Weekly Preview: Preparing for the Market’s Next Move in 2024
"The years ahead will occasionally deliver major market declines, even panics, that will affect virtually all stocks. No one can tell you when these traumas will occur.”
The quote above attributed to billionaire investor Warren Buffet, who in an annual letter to shareholders, talked about market volatility, suggesting that not only is volatility normal, but it should be welcomed. The premise is that volatility, while sometimes feared, can present great buying opportunities. Just as important, the Berkshire Hathaway (BRK-A) (BRK-B) CEO wanted to highlight the folly in those who believe they have a magic crystal ball and can predict what’s going to happen at any particular point in time.
In 2023, when looking back on the resurgence that occurred in the market, particularly in the last quarter of the year, there were many bearish crystal balls that seemingly malfunctioned. Some investors spent most of 2023 fretting about inflation, interest rates and the “looming recession” that was always around the corner. Yet, the Dow Jones Industrial Average ended 2023 at $37,689.54, after gaining 13.7% and notched a new record for the year.
Rising for nine straight weeks to end the year with a 24% gain was the S&P 500 index at 4,769.83. And posting its best year since 2020, the tech-heavy Nasdaq Composite Index enjoyed a resurgence, rising 43% to end the year at 15,011.35. Wondering why the Nasdaq was able to outperform both the S&P 500 and Dow by such a wide margin? This is due to the Nasdaq's tech-heavy composition where AI-related themes propelled the broader index almost 20% higher from its Oct. 26 low.
Investors don't need to look too far to find the source of the recent rally. With the Fed announcing its pivot from its hawkish stance to a dovish policy, growth stocks, particularly the "Magnificent Seven" mega-cap stocks surged higher. These mega-cap tech giants consisting of Alphabet (GOOG , GOOGL), Amazon (AMZN), Apple (AAPL), Meta Platforms (META), Microsoft (MSFT), Nvidia (NVDA) and Tesla (TSLA) were money-makers for investors who owned them since the summer.

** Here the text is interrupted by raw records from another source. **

lemma Max_trigger_value:
  assumes "T > 0" and pis: "\<forall>t\<in>{1..T}. pis t \<in> jplans G"
    and "i \<in> players G" and "I \<in> infosets G i"
  shows "Max (trigger_value G i I a T pis ` plans_I G i I)
       = trig_regret G i I a T pis / real T + (\<Sum>z\<in>below_act G i I a. q G (mubar T pis) z * util G i z)"
proof -
  let ?Q = "\<Sum>z\<in>below_act G i I a. q G (mubar T pis) z * util G i z"
  let ?R = "\<lambda>\<rho>. \<Sum>t\<in>{1..T}. if pis t i \<in> plans_seq G i I a
                             then V G i (pis t) \<rho> I - V G i (pis t) (pis t i) I else 0"
  have "trigger_value G i I a T pis ` plans_I G i I = (\<lambda>x. x / real T + ?Q) ` ?R ` plans_I G i I"
    using trigger_value_eq[OF assms] by (auto simp: image_image intro!: image_cong)
  then have "Max (trigger_value G i I a T pis ` plans_I G i I)
      = Max ((\<lambda>x. x / real T + ?Q) ` ?R ` plans_I G i I)"
    by (rule arg_cong)
  also have "\<dots> = Max (?R ` plans_I G i I) / real T + ?Q"
  proof (rule mono_Max_commute[symmetric])
    show "mono (\<lambda>x. x / real T + ?Q)"
      using assms(1) by (intro monoI) (simp add: divide_right_mono)
  qed (use finite_plans_I plans_I_nonempty[OF assms(4)] in auto)
  also have "\<dots> = trig_regret G i I a T pis / real T + ?Q"
    unfolding trig_regret_def ..
  finally show ?thesis .
qed

lemma dev_eq_trig_regret:
  assumes "T > 0" and pis: "\<forall>t\<in>{1..T}. pis t \<in> jplans G" and "(i, I, a) \<in> seqset G"
  shows "dev G (mubar T pis) i I a = trig_regret G i I a T pis / real T"
proof -
  have "i \<in> players G" and I: "I \<in> infosets G i"
    using assms(3) unfolding seqset_def by auto
  have "{\<Sum>z\<in>below G i I. p_dev G i I a (mubar T pis) \<mu>h z * util G i z | \<mu>h. dist_on (plans_I G i I) \<mu>h}
      = {\<Sum>\<rho>\<in>plans_I G i I. \<mu>h \<rho> * trigger_value G i I a T pis \<rho> | \<mu>h. dist_on (plans_I G i I) \<mu>h}"
    unfolding setcompr_eq_image using sum_p_dev_eq[OF pis] by (intro image_cong) auto
  then have "dev G (mubar T pis) i I a
      = Sup {\<Sum>\<rho>\<in>plans_I G i I. \<mu>h \<rho> * trigger_value G i I a T pis \<rho> | \<mu>h. dist_on (plans_I G i I) \<mu>h}
        - (\<Sum>z\<in>below_act G i I a. q G (mubar T pis) z * util G i z)"
    unfolding dev_def by simp
  also have "\<dots> = Max (trigger_value G i I a T pis ` plans_I G i I)
      - (\<Sum>z\<in>below_act G i I a. q G (mubar T pis) z * util G i z)"
    using Sup_dist_on_sum[OF finite_plans_I plans_I_nonempty[OF I]] by simp
  also have "\<dots> = trig_regret G i I a T pis / real T"
    using Max_trigger_value[OF assms(1,2) \<open>i \<in> players G\<close> I] by simp
  finally show ?thesis .
qed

With the seemingly insatiable appetite surrounding the Magnificent Seven stocks, there are now questions as to whether there will be room for more gains in 2024. Looking ahead, it is highly unlikely that bullish market sentiment will reverse, especially for technology stocks. While asset allocation and diversification are often sound strategies, the concentration of the tech, particularly those that invest heavily in AI solutions, will continue to move higher.
Valuations concern is another popular argument against Magnificent Seven stocks or those heavily involved in AI. But here’s the thing: even as valuations might appear unfavorable, their collective fundamentals are also improving. In the case for Nvidia, for example, the chip giant has raised its profit forecast in each earnings release for fiscal 2024. The company continues to enjoy robust demand, particularly from cloud service providers which account for roughly 50% of the company’s datacenter revenue. And that’s not likely to end anytime soon.
What’s more, the Fed pivot has finally arrived, and the Fed now envisions a reduction of 75 basis points in 2024. This means there may be rate reductions on three separate occasions. In that vein, the Fed has done a solid job managing inflation which has dropped to 3.7% year-over-year in November, after hitting the highest levels in decades at over 9% in mid-2022. While the inflation is not yet at the Fed’s 2% target, the Fed is also projecting that U.S. GDP growth will remain positive in 2024.
What’s more, a consensus on Wall Street analysts expects an almost 12% earnings growth for S&P 500 stock 2024, while the S&P 500 price target of 5,029 suggests a 10% rise for the index. As such, investors should position their portfolios to be on the right side of the pivot in 2024, especially amid clearer signs of dampening inflation risk, coupled with positive U.S. economic and labor trends.
The views and opinions expressed herein are the views and opinions of the author and do not necessarily reflect those of Nasdaq, Inc.